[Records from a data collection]
---+---

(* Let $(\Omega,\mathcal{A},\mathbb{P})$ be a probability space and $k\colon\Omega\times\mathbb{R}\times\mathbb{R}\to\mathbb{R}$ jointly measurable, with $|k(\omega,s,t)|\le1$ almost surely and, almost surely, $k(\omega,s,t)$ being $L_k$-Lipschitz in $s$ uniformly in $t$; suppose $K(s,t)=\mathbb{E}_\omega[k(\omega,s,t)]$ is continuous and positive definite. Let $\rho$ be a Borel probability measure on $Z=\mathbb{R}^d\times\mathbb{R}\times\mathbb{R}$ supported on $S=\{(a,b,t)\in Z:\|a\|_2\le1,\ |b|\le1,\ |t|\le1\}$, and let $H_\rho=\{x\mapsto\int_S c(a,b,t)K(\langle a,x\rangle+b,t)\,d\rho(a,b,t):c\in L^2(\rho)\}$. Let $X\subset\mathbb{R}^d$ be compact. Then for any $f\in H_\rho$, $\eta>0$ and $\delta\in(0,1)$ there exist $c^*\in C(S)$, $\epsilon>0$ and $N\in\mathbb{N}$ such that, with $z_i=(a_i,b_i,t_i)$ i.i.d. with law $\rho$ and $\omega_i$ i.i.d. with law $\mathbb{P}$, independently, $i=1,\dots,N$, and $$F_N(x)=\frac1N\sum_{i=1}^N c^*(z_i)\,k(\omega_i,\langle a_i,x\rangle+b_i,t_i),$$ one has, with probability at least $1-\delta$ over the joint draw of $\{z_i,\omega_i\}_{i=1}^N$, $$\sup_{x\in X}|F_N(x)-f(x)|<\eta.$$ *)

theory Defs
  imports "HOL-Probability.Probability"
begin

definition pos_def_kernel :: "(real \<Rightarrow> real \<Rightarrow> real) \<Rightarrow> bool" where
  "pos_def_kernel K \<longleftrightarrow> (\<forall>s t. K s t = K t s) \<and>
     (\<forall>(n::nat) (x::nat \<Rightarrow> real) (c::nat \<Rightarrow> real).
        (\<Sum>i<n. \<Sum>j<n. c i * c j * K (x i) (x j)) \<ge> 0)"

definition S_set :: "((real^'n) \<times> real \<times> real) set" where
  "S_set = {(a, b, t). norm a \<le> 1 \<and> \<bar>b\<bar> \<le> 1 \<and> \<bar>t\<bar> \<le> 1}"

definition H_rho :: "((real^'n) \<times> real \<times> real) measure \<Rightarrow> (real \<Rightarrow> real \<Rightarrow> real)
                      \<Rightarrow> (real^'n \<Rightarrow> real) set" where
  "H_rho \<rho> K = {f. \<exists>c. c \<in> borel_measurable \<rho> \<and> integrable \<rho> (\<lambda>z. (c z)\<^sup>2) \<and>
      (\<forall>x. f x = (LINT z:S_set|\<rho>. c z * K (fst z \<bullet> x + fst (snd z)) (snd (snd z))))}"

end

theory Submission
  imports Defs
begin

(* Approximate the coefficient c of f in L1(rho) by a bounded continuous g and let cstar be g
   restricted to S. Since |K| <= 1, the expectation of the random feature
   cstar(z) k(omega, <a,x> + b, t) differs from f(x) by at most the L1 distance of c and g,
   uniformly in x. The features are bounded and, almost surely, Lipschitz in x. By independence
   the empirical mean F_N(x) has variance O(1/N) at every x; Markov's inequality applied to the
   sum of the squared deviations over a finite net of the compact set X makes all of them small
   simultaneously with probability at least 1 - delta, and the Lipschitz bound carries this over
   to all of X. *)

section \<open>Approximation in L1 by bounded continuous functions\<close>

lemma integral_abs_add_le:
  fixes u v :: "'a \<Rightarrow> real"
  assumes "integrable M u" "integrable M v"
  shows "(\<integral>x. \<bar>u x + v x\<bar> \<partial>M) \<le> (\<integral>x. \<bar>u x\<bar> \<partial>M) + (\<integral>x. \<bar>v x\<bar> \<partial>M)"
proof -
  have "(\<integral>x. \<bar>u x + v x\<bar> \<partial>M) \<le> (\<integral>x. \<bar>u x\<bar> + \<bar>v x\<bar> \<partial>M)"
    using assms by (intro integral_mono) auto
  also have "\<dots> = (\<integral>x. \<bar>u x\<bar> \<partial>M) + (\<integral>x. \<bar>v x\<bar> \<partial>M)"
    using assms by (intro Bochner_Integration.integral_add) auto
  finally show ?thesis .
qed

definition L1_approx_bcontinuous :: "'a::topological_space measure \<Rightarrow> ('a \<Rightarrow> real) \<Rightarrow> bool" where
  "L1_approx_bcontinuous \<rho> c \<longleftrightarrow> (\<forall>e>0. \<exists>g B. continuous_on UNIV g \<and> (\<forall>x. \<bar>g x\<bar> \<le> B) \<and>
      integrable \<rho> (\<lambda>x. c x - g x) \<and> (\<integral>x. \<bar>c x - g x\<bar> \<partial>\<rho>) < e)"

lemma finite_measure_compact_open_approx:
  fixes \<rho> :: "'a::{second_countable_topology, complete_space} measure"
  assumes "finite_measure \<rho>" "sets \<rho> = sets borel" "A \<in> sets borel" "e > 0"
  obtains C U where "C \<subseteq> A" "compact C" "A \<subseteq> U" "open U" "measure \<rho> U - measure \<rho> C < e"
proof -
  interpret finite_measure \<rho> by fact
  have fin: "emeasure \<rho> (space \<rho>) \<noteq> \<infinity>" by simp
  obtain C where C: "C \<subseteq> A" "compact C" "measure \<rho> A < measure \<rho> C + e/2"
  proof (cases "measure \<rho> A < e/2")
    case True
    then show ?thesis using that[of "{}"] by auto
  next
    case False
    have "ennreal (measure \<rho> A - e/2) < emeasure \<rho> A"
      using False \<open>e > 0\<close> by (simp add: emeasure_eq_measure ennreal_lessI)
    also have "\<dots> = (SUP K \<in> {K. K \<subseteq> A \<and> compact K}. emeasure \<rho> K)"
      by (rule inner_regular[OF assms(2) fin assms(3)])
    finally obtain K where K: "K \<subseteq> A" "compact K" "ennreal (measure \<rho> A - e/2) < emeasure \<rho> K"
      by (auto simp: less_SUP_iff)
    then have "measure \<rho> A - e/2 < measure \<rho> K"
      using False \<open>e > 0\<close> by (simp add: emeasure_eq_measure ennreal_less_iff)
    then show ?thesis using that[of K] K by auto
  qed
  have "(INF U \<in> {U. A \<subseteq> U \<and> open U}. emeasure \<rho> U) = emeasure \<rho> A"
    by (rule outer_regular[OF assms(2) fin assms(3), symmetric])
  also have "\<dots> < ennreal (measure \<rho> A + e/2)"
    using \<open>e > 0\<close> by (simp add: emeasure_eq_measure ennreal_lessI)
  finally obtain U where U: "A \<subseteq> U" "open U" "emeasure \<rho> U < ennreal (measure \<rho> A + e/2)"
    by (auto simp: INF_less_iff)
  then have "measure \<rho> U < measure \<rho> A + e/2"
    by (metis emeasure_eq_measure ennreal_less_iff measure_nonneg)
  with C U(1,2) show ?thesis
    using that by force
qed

---+---

INSTRUCTIONS TO FOLLOW
Go through the records above, find each line with the string "close", and copy it.

SOLUTION
section \<open>Approximation in L1 by bounded continuous functions\<close>
      using False \<open>e > 0\<close> by (simp add: emeasure_eq_measure ennreal_lessI)
      using False \<open>e > 0\<close> by (simp add: emeasure_eq_measure ennreal_less_iff)
    using \<open>e > 0\<close> by (simp add: emeasure_eq_measure ennreal_lessI)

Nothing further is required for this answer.